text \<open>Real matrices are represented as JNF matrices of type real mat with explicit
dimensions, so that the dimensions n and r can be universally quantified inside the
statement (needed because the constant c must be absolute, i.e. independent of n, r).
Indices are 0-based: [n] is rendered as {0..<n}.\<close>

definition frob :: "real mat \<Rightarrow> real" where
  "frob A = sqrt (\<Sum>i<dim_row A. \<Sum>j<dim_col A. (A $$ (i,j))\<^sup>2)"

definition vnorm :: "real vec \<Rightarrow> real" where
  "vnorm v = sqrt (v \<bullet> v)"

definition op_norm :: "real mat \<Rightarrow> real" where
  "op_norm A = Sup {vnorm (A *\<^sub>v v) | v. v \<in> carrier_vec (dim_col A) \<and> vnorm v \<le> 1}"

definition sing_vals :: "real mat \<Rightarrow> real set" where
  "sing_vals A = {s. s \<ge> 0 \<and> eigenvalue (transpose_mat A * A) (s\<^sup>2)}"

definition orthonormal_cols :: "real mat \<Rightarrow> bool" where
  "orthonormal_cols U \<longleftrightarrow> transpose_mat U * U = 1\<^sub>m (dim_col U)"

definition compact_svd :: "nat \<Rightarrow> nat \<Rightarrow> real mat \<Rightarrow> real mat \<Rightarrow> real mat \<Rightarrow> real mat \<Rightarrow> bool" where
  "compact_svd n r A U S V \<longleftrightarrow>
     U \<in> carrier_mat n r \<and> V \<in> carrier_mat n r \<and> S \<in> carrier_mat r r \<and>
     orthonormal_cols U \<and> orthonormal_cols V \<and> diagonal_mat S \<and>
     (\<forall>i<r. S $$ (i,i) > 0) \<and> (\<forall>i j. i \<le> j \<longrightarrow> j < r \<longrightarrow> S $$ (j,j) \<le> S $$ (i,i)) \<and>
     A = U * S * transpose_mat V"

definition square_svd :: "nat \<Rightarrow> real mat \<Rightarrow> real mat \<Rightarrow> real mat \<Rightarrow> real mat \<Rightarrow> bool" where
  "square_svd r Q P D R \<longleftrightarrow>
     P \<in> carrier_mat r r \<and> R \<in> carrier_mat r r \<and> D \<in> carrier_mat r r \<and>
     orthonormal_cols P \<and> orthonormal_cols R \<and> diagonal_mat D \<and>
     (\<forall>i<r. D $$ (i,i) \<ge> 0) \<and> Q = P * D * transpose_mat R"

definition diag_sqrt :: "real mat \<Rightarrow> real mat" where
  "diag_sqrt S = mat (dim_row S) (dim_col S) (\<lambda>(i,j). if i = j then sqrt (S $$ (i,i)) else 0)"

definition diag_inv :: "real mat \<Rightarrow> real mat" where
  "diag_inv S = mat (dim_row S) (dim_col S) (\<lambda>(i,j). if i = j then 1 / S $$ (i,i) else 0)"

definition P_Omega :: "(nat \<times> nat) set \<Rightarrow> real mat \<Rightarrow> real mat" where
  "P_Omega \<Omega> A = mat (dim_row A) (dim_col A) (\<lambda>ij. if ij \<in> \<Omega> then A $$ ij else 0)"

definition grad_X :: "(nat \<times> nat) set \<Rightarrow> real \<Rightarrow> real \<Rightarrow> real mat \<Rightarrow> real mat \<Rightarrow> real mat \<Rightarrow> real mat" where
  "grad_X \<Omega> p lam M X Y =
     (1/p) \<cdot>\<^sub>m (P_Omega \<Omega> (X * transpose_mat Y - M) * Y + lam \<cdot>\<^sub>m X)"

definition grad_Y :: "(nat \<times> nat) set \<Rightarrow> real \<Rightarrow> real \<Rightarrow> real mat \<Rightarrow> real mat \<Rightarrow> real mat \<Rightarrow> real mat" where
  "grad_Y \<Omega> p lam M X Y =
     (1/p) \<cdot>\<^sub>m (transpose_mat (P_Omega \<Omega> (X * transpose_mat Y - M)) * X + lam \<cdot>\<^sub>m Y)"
++++
*Task to complete*.
With the line holding "Indices are 0-based: [n]" as the first and the line holding "S $$ (i,i) else" as the last, please transcribe exactly the lines of the material above in that range and nothing else.

*Response to the task*.
Indices are 0-based: [n] is rendered as {0..<n}.\<close>

definition frob :: "real mat \<Rightarrow> real" where
  "frob A = sqrt (\<Sum>i<dim_row A. \<Sum>j<dim_col A. (A $$ (i,j))\<^sup>2)"

definition vnorm :: "real vec \<Rightarrow> real" where
  "vnorm v = sqrt (v \<bullet> v)"

definition op_norm :: "real mat \<Rightarrow> real" where
  "op_norm A = Sup {vnorm (A *\<^sub>v v) | v. v \<in> carrier_vec (dim_col A) \<and> vnorm v \<le> 1}"

definition sing_vals :: "real mat \<Rightarrow> real set" where
  "sing_vals A = {s. s \<ge> 0 \<and> eigenvalue (transpose_mat A * A) (s\<^sup>2)}"

definition orthonormal_cols :: "real mat \<Rightarrow> bool" where
  "orthonormal_cols U \<longleftrightarrow> transpose_mat U * U = 1\<^sub>m (dim_col U)"

definition compact_svd :: "nat \<Rightarrow> nat \<Rightarrow> real mat \<Rightarrow> real mat \<Rightarrow> real mat \<Rightarrow> real mat \<Rightarrow> bool" where
  "compact_svd n r A U S V \<longleftrightarrow>
     U \<in> carrier_mat n r \<and> V \<in> carrier_mat n r \<and> S \<in> carrier_mat r r \<and>
     orthonormal_cols U \<and> orthonormal_cols V \<and> diagonal_mat S \<and>
     (\<forall>i<r. S $$ (i,i) > 0) \<and> (\<forall>i j. i \<le> j \<longrightarrow> j < r \<longrightarrow> S $$ (j,j) \<le> S $$ (i,i)) \<and>
     A = U * S * transpose_mat V"

definition square_svd :: "nat \<Rightarrow> real mat \<Rightarrow> real mat \<Rightarrow> real mat \<Rightarrow> real mat \<Rightarrow> bool" where
  "square_svd r Q P D R \<longleftrightarrow>
     P \<in> carrier_mat r r \<and> R \<in> carrier_mat r r \<and> D \<in> carrier_mat r r \<and>
     orthonormal_cols P \<and> orthonormal_cols R \<and> diagonal_mat D \<and>
     (\<forall>i<r. D $$ (i,i) \<ge> 0) \<and> Q = P * D * transpose_mat R"

definition diag_sqrt :: "real mat \<Rightarrow> real mat" where
  "diag_sqrt S = mat (dim_row S) (dim_col S) (\<lambda>(i,j). if i = j then sqrt (S $$ (i,i)) else 0)"

definition diag_inv :: "real mat \<Rightarrow> real mat" where
  "diag_inv S = mat (dim_row S) (dim_col S) (\<lambda>(i,j). if i = j then 1 / S $$ (i,i) else 0)"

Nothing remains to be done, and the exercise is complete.